- _Task brief_:
For every entry, output the exact wording.
━━━ Provided data ━━━
lemma cond_indep_integral_rectangle:
  fixes Q :: "(real^'d::finite) measure"
  assumes Q: "prob_space Q" "sets Q = sets borel" and CI: "cond_indep Q A B C"
    and X: "X \<in> sets (coord_sigma A)" and Z: "Z \<in> sets (coord_sigma C)" and K: "K \<in> sets (coord_sigma B)"
  defines "\<xi> \<equiv> real_cond_exp Q (coord_sigma B) (indicator X)"
  shows "(\<integral>x. indicator (Z \<inter> K) x * indicator X x \<partial>Q) = (\<integral>x. indicator (Z \<inter> K) x * \<xi> x \<partial>Q)"
proof -
  interpret sigma_finite_subalgebra Q "coord_sigma B"
    by (rule sigma_finite_subalgebra_coord_sigma[OF Q])
  interpret prob_space Q by fact
  have sets: "X \<in> sets Q" "Z \<in> sets Q" "K \<in> sets Q"
    using X Z K sets_coord_sigma_subset_borel Q(2) by blast+
  have "integrable Q \<xi>"
    unfolding \<xi>_def using sets by (intro real_cond_exp_int) (simp add: emeasure_eq_measure)
  have \<xi>_meas: "\<xi> \<in> borel_measurable (coord_sigma B)" unfolding \<xi>_def by simp
  have "(\<integral>x. indicator (Z \<inter> K) x * (indicator X x :: real) \<partial>Q)
      = (\<integral>x. indicator K x * indicator (X \<inter> Z) x \<partial>Q)"
    by (intro Bochner_Integration.integral_cong) (auto simp: indicator_def)
  also have "\<dots> = (\<integral>x. indicator K x * real_cond_exp Q (coord_sigma B) (indicator (X \<inter> Z)) x \<partial>Q)"
    using sets K
    by (intro real_cond_exp_intg(2)[symmetric]) (auto intro: integrable_real_mult_indicator simp: emeasure_eq_measure)
  also have "\<dots> = (\<integral>x. (indicator K x * \<xi> x) * real_cond_exp Q (coord_sigma B) (indicator Z) x \<partial>Q)"
    using CI X Z unfolding cond_indep_def \<xi>_def
    by (intro integral_cong_AE borel_measurable_times borel_measurable_indicator
        borel_measurable_cond_exp2 sets(3)) (auto simp: mult_ac elim!: AE_mp[OF _ AE_I2])
  also have "\<dots> = (\<integral>x. (indicator K x * \<xi> x) * indicator Z x \<partial>Q)"
    using sets K \<xi>_meas integrable_real_mult_indicator[of "K \<inter> Z" Q \<xi>] \<open>integrable Q \<xi>\<close>
    by (intro real_cond_exp_intg(2)) (auto simp: mult_ac indicator_inter_arith)
  also have "\<dots> = (\<integral>x. indicator (Z \<inter> K) x * \<xi> x \<partial>Q)"
    by (intro Bochner_Integration.integral_cong) (auto simp: indicator_def)
  finally show ?thesis .
qed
━━━
- _Response area_:
lemma cond_indep_integral_rectangle:
  fixes Q :: "(real^'d::finite) measure"
  assumes Q: "prob_space Q" "sets Q = sets borel" and CI: "cond_indep Q A B C"
    and X: "X \<in> sets (coord_sigma A)" and Z: "Z \<in> sets (coord_sigma C)" and K: "K \<in> sets (coord_sigma B)"
  defines "\<xi> \<equiv> real_cond_exp Q (coord_sigma B) (indicator X)"
  shows "(\<integral>x. indicator (Z \<inter> K) x * indicator X x \<partial>Q) = (\<integral>x. indicator (Z \<inter> K) x * \<xi> x \<partial>Q)"
proof -
  interpret sigma_finite_subalgebra Q "coord_sigma B"
    by (rule sigma_finite_subalgebra_coord_sigma[OF Q])
  interpret prob_space Q by fact
  have sets: "X \<in> sets Q" "Z \<in> sets Q" "K \<in> sets Q"
    using X Z K sets_coord_sigma_subset_borel Q(2) by blast+
  have "integrable Q \<xi>"
    unfolding \<xi>_def using sets by (intro real_cond_exp_int) (simp add: emeasure_eq_measure)
  have \<xi>_meas: "\<xi> \<in> borel_measurable (coord_sigma B)" unfolding \<xi>_def by simp
  have "(\<integral>x. indicator (Z \<inter> K) x * (indicator X x :: real) \<partial>Q)
      = (\<integral>x. indicator K x * indicator (X \<inter> Z) x \<partial>Q)"
    by (intro Bochner_Integration.integral_cong) (auto simp: indicator_def)
  also have "\<dots> = (\<integral>x. indicator K x * real_cond_exp Q (coord_sigma B) (indicator (X \<inter> Z)) x \<partial>Q)"
    using sets K
    by (intro real_cond_exp_intg(2)[symmetric]) (auto intro: integrable_real_mult_indicator simp: emeasure_eq_measure)
  also have "\<dots> = (\<integral>x. (indicator K x * \<xi> x) * real_cond_exp Q (coord_sigma B) (indicator Z) x \<partial>Q)"
    using CI X Z unfolding cond_indep_def \<xi>_def
    by (intro integral_cong_AE borel_measurable_times borel_measurable_indicator
        borel_measurable_cond_exp2 sets(3)) (auto simp: mult_ac elim!: AE_mp[OF _ AE_I2])
  also have "\<dots> = (\<integral>x. (indicator K x * \<xi> x) * indicator Z x \<partial>Q)"
    using sets K \<xi>_meas integrable_real_mult_indicator[of "K \<inter> Z" Q \<xi>] \<open>integrable Q \<xi>\<close>
    by (intro real_cond_exp_intg(2)) (auto simp: mult_ac indicator_inter_arith)
  also have "\<dots> = (\<integral>x. indicator (Z \<inter> K) x * \<xi> x \<partial>Q)"
    by (intro Bochner_Integration.integral_cong) (auto simp: indicator_def)
  finally show ?thesis .
qed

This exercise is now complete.